INPUT DATA ::
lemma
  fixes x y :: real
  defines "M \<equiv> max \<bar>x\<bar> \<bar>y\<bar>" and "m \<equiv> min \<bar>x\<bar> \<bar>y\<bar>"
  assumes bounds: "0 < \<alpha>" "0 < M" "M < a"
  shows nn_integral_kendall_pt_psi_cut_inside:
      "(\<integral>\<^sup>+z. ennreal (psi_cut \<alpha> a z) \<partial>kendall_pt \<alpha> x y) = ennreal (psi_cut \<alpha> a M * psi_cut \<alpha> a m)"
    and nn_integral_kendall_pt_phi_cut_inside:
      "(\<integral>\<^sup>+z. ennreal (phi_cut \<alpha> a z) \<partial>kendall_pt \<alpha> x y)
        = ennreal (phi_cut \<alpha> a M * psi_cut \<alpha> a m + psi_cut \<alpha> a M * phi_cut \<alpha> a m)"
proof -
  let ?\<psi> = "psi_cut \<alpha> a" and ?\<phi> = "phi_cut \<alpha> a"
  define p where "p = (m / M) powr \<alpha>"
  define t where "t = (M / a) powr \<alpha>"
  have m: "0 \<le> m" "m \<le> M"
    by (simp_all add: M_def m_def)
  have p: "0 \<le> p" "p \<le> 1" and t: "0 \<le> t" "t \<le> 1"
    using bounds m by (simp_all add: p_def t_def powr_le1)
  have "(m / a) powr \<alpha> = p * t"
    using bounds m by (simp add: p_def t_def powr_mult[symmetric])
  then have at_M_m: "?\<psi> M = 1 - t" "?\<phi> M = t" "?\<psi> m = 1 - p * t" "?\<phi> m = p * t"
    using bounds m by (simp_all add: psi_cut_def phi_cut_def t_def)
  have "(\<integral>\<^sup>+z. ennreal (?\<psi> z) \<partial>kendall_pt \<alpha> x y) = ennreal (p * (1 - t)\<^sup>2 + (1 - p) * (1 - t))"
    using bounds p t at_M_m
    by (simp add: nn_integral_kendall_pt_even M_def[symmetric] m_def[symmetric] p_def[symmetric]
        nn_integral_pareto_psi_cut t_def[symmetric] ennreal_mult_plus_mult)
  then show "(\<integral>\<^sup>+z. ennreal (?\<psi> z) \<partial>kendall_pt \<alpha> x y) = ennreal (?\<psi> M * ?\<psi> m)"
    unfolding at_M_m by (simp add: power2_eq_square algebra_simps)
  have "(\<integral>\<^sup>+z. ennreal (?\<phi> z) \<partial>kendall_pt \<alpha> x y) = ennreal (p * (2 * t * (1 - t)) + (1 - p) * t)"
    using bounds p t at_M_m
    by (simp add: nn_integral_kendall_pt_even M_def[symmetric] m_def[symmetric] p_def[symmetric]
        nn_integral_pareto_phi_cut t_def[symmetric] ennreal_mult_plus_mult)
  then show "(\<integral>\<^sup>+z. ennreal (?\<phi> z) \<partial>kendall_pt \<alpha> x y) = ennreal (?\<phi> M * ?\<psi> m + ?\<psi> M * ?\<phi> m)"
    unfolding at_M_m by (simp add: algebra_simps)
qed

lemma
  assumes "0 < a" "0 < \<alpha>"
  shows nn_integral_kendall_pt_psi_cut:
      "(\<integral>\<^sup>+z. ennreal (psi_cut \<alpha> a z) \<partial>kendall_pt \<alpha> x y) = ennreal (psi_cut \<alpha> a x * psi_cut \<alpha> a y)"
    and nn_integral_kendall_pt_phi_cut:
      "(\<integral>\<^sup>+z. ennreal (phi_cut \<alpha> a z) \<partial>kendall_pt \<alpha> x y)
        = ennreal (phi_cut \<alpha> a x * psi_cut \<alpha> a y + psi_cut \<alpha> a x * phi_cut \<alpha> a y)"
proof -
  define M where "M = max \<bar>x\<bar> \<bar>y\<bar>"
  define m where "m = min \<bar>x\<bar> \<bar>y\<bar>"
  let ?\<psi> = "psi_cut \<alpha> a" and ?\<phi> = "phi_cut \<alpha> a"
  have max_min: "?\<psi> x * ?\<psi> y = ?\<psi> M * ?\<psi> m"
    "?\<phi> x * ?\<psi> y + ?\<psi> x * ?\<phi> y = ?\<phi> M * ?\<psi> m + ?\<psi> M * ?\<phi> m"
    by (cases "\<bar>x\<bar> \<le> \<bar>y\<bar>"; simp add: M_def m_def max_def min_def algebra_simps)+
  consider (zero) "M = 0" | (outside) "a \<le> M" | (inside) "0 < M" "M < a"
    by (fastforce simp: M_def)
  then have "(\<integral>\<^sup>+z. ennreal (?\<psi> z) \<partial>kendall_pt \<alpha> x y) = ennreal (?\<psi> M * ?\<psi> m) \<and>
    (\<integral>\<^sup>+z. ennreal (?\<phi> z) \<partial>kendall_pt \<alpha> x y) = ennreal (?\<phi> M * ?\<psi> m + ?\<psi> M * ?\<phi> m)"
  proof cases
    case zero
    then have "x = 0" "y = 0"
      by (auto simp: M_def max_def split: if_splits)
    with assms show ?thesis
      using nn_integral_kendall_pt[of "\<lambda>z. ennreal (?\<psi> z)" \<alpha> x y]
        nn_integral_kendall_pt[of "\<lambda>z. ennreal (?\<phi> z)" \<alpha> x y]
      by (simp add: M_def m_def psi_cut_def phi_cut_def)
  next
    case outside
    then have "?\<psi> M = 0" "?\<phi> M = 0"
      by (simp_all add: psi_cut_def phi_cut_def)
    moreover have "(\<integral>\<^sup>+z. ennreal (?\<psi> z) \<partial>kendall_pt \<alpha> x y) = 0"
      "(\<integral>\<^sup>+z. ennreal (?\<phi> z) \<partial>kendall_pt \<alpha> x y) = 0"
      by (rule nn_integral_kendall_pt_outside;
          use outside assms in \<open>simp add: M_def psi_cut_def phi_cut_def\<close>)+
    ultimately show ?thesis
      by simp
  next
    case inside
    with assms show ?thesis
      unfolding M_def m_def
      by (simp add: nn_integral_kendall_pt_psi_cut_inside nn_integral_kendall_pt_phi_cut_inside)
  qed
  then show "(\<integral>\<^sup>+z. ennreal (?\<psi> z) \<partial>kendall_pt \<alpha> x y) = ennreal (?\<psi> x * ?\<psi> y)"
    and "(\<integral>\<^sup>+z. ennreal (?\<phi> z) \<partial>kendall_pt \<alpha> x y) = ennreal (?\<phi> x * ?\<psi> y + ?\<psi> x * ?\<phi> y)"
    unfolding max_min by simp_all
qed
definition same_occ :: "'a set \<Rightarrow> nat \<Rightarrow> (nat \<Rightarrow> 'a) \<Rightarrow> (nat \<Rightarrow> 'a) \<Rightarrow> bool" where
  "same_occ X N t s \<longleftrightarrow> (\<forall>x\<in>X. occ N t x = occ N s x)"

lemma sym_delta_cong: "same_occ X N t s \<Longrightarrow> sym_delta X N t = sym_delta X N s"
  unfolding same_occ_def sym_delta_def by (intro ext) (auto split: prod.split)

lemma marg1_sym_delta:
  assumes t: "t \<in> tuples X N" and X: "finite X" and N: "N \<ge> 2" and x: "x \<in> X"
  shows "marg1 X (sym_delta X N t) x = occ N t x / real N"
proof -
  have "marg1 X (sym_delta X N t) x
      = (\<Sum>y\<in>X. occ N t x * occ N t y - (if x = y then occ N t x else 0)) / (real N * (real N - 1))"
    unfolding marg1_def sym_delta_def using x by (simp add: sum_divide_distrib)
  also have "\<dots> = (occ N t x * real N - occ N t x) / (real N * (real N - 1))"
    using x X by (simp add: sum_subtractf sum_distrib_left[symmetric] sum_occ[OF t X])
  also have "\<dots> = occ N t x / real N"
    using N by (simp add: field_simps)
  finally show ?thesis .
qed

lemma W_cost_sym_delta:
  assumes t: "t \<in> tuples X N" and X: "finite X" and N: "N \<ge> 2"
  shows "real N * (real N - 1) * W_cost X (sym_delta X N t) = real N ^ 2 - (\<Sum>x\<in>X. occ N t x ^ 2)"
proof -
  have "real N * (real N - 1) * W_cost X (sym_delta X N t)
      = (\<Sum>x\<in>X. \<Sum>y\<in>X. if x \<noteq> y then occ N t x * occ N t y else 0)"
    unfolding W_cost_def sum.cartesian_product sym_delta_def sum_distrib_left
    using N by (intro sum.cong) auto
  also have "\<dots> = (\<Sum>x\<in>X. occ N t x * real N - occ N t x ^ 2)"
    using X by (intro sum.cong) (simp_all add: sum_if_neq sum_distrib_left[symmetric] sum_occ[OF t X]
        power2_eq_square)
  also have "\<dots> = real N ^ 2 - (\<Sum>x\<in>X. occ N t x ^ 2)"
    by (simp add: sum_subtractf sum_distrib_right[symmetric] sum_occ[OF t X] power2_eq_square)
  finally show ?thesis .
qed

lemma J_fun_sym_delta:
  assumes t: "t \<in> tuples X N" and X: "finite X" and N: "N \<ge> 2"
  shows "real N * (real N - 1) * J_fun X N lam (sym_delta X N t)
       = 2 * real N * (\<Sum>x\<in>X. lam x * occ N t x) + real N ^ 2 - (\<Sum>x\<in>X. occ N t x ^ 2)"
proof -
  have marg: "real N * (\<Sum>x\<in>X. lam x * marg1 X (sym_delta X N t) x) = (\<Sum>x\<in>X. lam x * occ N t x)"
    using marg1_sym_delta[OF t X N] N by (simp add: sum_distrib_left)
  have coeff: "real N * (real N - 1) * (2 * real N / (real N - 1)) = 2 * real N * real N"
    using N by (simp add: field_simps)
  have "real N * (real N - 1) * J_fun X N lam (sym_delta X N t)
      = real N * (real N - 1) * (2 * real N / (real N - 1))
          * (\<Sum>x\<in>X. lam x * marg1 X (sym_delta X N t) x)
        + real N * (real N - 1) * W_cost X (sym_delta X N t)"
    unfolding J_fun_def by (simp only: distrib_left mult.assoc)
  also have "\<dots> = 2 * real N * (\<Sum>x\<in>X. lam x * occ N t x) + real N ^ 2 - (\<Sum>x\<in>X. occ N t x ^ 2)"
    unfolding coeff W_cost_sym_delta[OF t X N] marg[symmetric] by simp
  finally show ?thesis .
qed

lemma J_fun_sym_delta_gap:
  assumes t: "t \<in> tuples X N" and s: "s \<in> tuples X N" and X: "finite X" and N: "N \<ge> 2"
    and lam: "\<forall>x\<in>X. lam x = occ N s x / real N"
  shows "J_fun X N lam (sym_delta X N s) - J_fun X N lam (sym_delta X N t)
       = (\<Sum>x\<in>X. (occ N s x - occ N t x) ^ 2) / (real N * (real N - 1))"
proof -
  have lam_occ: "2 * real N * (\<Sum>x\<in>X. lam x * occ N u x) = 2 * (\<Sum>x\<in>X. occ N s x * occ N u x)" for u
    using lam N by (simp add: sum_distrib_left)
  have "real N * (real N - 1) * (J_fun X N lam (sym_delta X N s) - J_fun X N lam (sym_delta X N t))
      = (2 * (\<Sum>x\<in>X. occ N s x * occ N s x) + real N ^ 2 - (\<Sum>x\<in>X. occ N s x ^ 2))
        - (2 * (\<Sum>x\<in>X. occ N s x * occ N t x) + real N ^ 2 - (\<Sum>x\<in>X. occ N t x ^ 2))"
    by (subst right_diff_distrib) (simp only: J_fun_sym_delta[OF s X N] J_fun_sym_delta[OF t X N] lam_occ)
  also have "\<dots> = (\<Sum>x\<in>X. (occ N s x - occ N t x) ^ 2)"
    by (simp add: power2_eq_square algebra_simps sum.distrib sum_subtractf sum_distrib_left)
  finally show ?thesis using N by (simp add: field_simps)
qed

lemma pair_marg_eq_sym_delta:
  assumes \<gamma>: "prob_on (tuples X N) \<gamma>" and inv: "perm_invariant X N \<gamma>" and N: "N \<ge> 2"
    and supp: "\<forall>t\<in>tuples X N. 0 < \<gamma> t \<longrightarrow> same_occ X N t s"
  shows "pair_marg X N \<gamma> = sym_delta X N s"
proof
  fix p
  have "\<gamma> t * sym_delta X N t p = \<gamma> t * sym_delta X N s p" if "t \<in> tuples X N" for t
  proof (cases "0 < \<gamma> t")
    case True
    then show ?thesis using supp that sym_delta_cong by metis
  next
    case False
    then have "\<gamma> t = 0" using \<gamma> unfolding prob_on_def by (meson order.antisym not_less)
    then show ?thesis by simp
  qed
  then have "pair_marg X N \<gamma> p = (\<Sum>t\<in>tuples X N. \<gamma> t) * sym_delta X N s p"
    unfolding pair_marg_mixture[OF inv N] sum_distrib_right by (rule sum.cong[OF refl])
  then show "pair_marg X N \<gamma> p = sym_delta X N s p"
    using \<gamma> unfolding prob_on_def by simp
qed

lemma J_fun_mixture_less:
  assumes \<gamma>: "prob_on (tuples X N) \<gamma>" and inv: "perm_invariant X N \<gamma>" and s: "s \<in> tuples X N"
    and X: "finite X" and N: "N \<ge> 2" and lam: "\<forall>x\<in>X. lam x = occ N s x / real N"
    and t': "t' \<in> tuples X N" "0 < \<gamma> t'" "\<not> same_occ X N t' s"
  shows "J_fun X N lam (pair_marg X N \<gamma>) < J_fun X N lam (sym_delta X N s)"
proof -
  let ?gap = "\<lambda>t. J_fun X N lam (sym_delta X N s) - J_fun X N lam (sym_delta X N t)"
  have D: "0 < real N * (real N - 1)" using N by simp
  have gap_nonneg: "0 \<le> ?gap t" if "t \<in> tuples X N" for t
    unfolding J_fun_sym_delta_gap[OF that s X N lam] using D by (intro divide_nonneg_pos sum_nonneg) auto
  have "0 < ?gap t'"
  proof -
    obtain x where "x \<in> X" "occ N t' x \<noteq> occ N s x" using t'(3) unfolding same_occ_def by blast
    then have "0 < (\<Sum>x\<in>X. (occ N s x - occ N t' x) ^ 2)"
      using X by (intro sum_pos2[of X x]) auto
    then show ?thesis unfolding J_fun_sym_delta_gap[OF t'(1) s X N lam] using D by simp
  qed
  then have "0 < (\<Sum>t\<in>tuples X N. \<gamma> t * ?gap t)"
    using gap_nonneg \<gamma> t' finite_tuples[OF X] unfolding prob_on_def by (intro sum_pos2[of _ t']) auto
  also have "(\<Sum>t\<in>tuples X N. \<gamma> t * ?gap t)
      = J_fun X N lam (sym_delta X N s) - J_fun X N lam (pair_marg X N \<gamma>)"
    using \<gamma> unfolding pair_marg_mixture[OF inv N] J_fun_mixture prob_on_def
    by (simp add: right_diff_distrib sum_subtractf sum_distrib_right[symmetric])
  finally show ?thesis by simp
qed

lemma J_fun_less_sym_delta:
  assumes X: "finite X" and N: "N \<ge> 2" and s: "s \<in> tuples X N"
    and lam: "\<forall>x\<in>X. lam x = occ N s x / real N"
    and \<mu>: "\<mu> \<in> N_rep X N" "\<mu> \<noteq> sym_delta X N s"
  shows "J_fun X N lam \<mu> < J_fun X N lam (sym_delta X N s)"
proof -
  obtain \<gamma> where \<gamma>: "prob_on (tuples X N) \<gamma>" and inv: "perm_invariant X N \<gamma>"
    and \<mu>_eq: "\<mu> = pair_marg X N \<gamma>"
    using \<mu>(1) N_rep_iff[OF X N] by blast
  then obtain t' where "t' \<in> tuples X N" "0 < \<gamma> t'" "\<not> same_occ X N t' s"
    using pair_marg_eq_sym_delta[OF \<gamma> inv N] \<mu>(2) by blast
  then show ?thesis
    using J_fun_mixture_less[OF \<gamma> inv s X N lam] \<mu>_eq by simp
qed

PROBLEM DESCRIPTION :: If a line in the listing contains "coeff", it counts. Say how many lines count, with no other words.

ANSWER BOX :: 2